**Prompt:** State how many lines in the following entries hold the word "prems". The reply is that number only.

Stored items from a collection
▬▬▬▬▬▬

(* Let $M_1,M_2$ be primitive monoids, $N_i$ an order-ideal of $M_i$ ($i=1,2$), and suppose $M_1/N_1\cong M_2/N_2\cong S$. Let $P$ be the pullback of the resulting maps $M_1\to S\leftarrow M_2$. Assume that $p\lhd q$ for all $p\in\mathbb P(N_i)$ and all $q\in\mathbb P(M_i)\setminus\mathbb P(N_i)$, $i=1,2$. Then $P$ is a primitive monoid, $P$ has an order-ideal $N\cong N_1\times N_2$ with $P/N\cong S$, and $\mathbb P(P)=\mathbb P(S)\sqcup\mathbb P(N_1)\sqcup\mathbb P(N_2)$, where the relation $\lhd$ on $\mathbb P(P)$ is given by the relations $\lhd$ of $S$, $N_1$ and $N_2$ on the respective pieces together with $p\lhd q$ for all $p\in\mathbb P(N_1)\sqcup\mathbb P(N_2)$ and $q\in\mathbb P(S)$.
   Context: Monoids are abelian. A prime is $p$ with $p\not\le0$ and $p\le a+b\Rightarrow p\le a$ or $p\le b$ (algebraic preorder $x\le y$ iff $y=x+z$); a primitive monoid is a primely generated antisymmetric refinement monoid, and $\mathbb P(M)$ denotes its set of primes. For primes, $q\lhd p$ means $p+q=p$; a primitive monoid is determined up to isomorphism by $(\mathbb P(M),\lhd)$. An order-ideal is a nonempty $I$ with $x+y\in I\iff x,y\in I$; $M/I$ is the quotient by $x\equiv y\iff x+u=y+v$ for some $u,v\in I$, and $\mathbb P(N)=\mathbb P(M)\cap N$. The quotient $M/N$ of a primitive monoid is primitive with primes identified with $\mathbb P(M)\setminus\mathbb P(N)$. The pullback of $f_1\colon M_1\to S$, $f_2\colon M_2\to S$ is $\{(x,y)\in M_1\times M_2: f_1(x)=f_2(y)\}$. *)

theory Defs
  imports "HOL-Algebra.Group"
begin
lemma kmult_pelem_right:
  "kmult Q f (pelem v) w =
     (if w \<in> paths Q \<and> rpart Q w (plen w - plen v) = v then f (lpart w (plen w - plen v)) else 0)"
proof -
  have "(\<Sum>i\<in>{0..plen w}. f (lpart w i) * pelem v (rpart Q w i)) =
      (\<Sum>i\<in>{0..plen w}. if i = plen w - plen v then if rpart Q w i = v then f (lpart w i) else 0 else 0)"
    by (rule sum.cong) (auto simp: pelem_def plen_rpart)
  also have "\<dots> = (if rpart Q w (plen w - plen v) = v then f (lpart w (plen w - plen v)) else 0)"
    by (simp add: sum.delta)
  finally show ?thesis by (simp add: kmult_def)
qed

lemma kmult_sandwich_pmult:
  assumes "finite_quiver Q" "pmult (pmult u q) v \<in> paths Q" "pend Q u = fst q" "pend Q q = fst v"
  shows "kmult Q (kmult Q (pelem u) g) (pelem v) (pmult (pmult u q) v) = g q"
proof -
  have "plen (pmult (pmult u q) v) - plen v = plen (pmult u q)"
    by (simp add: plen_pmult)
  moreover have "rpart Q (pmult (pmult u q) v) (plen (pmult u q)) = v"
    using assms(3,4) by (simp add: rpart_pmult pend_pmult)
  moreover have "pmult u q \<in> paths Q"
    using assms pmult_in_paths[OF assms(1), of "pmult u q" v] by (simp add: pend_pmult)
  ultimately show ?thesis
    using assms by (simp add: kmult_pelem_left kmult_pelem_right lpart_pmult rpart_pmult pmult_in_paths)
qed

lemma supp_kmult_sandwich:
  assumes "t \<in> supp (kmult Q (kmult Q (pelem u) g) (pelem v))"
  obtains q where "q \<in> supp g" "pend Q u = fst q" "pend Q q = fst v" "t = pmult (pmult u q) v"
proof
  define s where "s = lpart t (plen t - plen v)"
  define q where "q = rpart Q s (plen u)"
  have v: "rpart Q t (plen t - plen v) = v" and u: "lpart s (plen u) = u" and "g q \<noteq> 0"
    using assms by (auto simp: supp_def kmult_pelem_left kmult_pelem_right s_def q_def split: if_splits)
  then show "q \<in> supp g" by (simp add: supp_def)
  show uq: "pend Q u = fst q"
    using u by (simp add: q_def fst_rpart)
  have s: "s = pmult u q"
    using pmult_lpart_rpart[of s "plen u" Q] u by (simp add: q_def)
  show "t = pmult (pmult u q) v"
    using pmult_lpart_rpart[of t "plen t - plen v" Q] v by (simp add: s_def[symmetric] s)
  show "pend Q q = fst v"
    using pend_pmult[OF uq] fst_rpart[of Q t "plen t - plen v"] by (simp add: v s_def[symmetric] s)
qed

lemma admissible_finite_has_greatest:
  assumes "admissible_order Q lt" "finite S" "S \<noteq> {}" "S \<subseteq> paths Q"
  shows "\<exists>t\<in>S. \<forall>s\<in>S. s \<noteq> t \<longrightarrow> lt s t"
  using assms(2-4)
proof (induction S rule: finite_ne_induct)
  case (insert x F)
  then obtain t where t: "t \<in> F" "\<forall>s\<in>F. s \<noteq> t \<longrightarrow> lt s t" by auto
  show ?case
  proof (cases "lt x t")
    case False
    then have "lt t x"
      using admissible_total[OF assms(1), of x t] insert t by auto
    have "lt s x" if "s \<in> F" for s
      using that t \<open>lt t x\<close> insert.prems admissible_trans[OF assms(1), of s t x]
      by (cases "s = t") auto
    then show ?thesis by auto
  qed (use t in auto)
qed simp

lemma
  assumes "admissible_order Q lt" "r \<in> kQ Q" "r \<noteq> (\<lambda>_. 0)"
  shows Tip_in_supp: "Tip lt r \<in> supp r"
    and lt_Tip: "\<lbrakk>s \<in> supp r; s \<noteq> Tip lt r\<rbrakk> \<Longrightarrow> lt s (Tip lt r)"
proof -
  have "supp r \<noteq> {}"
    using assms(3) by (auto simp: supp_def)
  moreover have "finite (supp r)" "supp r \<subseteq> paths Q"
    using assms(2) by (auto simp: kQ_def)
  ultimately obtain t where t: "t \<in> supp r" "\<forall>s\<in>supp r. s \<noteq> t \<longrightarrow> lt s t"
    using admissible_finite_has_greatest[OF assms(1)] by meson
  have "Tip lt r = t"
    unfolding Tip_def
  proof (rule the_equality)
    fix t' assume t': "t' \<in> supp r \<and> (\<forall>s\<in>supp r. s \<noteq> t' \<longrightarrow> lt s t')"
    show "t' = t"
    proof (rule ccontr)
      assume "t' \<noteq> t"
      then have "lt t t" "t \<in> paths Q"
        using t t' assms(2) admissible_trans[OF assms(1), of t t' t] by (auto simp: kQ_def)
      then show False using admissible_irrefl[OF assms(1)] by blast
    qed
  qed (use t in simp)
  with t show "Tip lt r \<in> supp r" and "\<lbrakk>s \<in> supp r; s \<noteq> Tip lt r\<rbrakk> \<Longrightarrow> lt s (Tip lt r)"
    by auto
qed

section \<open>Normal forms and reductions\<close>

definition is_normal_form ::
  "('v, 'a) quiver \<Rightarrow> (('v, 'a) path \<Rightarrow> ('v, 'a) path \<Rightarrow> bool) \<Rightarrow> (('v, 'a) path \<Rightarrow> 'k::field) set
   \<Rightarrow> (('v, 'a) path \<Rightarrow> 'k) \<Rightarrow> (('v, 'a) path \<Rightarrow> 'k) \<Rightarrow> bool" where
  "is_normal_form Q lt I x y \<longleftrightarrow> y \<in> kQ Q \<and> supp y \<subseteq> NonTip Q lt I \<and> (\<lambda>p. x p - y p) \<in> I"

lemma normal_form_unique:
  assumes adm: "admissible_order Q lt" and ideal: "two_sided_ideal Q I"
    and "is_normal_form Q lt I x y" "is_normal_form Q lt I x y'"
  shows "y = y'"
proof (rule ccontr)
  define d where "d = (\<lambda>p. y p - y' p)"
  assume "y \<noteq> y'"
  then have "d \<noteq> (\<lambda>_. 0)"
    by (auto simp: d_def fun_eq_iff)
  moreover have "d \<in> I"
    using ideal_diff[OF ideal, of "\<lambda>p. x p - y' p" "\<lambda>p. x p - y p"] assms(3,4)
    by (simp add: is_normal_form_def d_def)
  ultimately have "Tip lt d \<in> TipI lt I" and "Tip lt d \<in> supp d"
    using Tip_in_supp[OF adm ideal_kQ[OF ideal]] by (auto simp: TipI_def)
  moreover have "supp d \<subseteq> supp y \<union> supp y'"
    by (auto simp: d_def supp_def)
  then have "supp d \<subseteq> NonTip Q lt I"
    using assms(3,4) by (auto simp: is_normal_form_def)
  ultimately show False
    by (auto simp: NonTip_def)
qed

lemma NF_eqI:
  "\<lbrakk>admissible_order Q lt; two_sided_ideal Q I; is_normal_form Q lt I x y\<rbrakk> \<Longrightarrow> NF Q lt I x = y"
  unfolding NF_def
  by (rule the_equality) (auto simp: is_normal_form_def[symmetric] dest: normal_form_unique)

lemma normal_form_from_paths:
  assumes ideal: "two_sided_ideal Q I" and "finite F" "z \<in> kQ Q" "supp z \<subseteq> F"
    and "\<forall>t\<in>F. \<exists>y. is_normal_form Q lt I (pelem t) y \<and> supp y \<subseteq> S"
  shows "\<exists>y. is_normal_form Q lt I z y \<and> supp y \<subseteq> S"
  using assms(2-)
proof (induction F arbitrary: z)
  case empty
  then have "z = (\<lambda>_. 0)"
    by (auto simp: supp_def)
  then have "is_normal_form Q lt I z (\<lambda>_. 0)"
    using ideal_zero[OF ideal] by (auto simp: is_normal_form_def kQ_def supp_def)
  then show ?case by (auto simp: supp_def)
next
  case (insert a F)
  have "supp (z(a := 0)) \<subseteq> supp z" and "supp (z(a := 0)) \<subseteq> F"
    using insert.prems(2) by (auto simp: supp_def)
  then have "z(a := 0) \<in> kQ Q"
    using insert.prems(1) by (auto simp: kQ_def intro: finite_subset)
  with \<open>supp (z(a := 0)) \<subseteq> F\<close> obtain y' where
    y': "is_normal_form Q lt I (z(a := 0)) y'" "supp y' \<subseteq> S"
    using insert.IH insert.prems(3) by blast
  obtain ya where ya: "is_normal_form Q lt I (pelem a) ya" "supp ya \<subseteq> S"
    using insert.prems(3) by blast
  define y where "y = (\<lambda>p. y' p + z a * ya p)"
  have "(\<lambda>p. z p - y p) = (\<lambda>p. ((z(a := 0)) p - y' p) + z a * (pelem a p - ya p))"
    by (auto simp: y_def pelem_def fun_eq_iff algebra_simps)
  then have "(\<lambda>p. z p - y p) \<in> I"
    using y'(1) ya(1) by (auto simp: is_normal_form_def intro!: ideal_add[OF ideal] ideal_smult[OF ideal])
  moreover have "supp y \<subseteq> supp y' \<union> supp ya"
    by (auto simp: y_def supp_def)
  moreover have "y \<in> kQ Q"
    using y'(1) ya(1) by (auto simp: y_def is_normal_form_def intro!: kQ_add kQ_smult)
  ultimately have "is_normal_form Q lt I z y" and "supp y \<subseteq> S"
    using y'(1,2) ya(1,2) by (auto simp: is_normal_form_def)
  then show ?case by blast
qed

▬▬▬▬▬▬

**Result of this task:** 5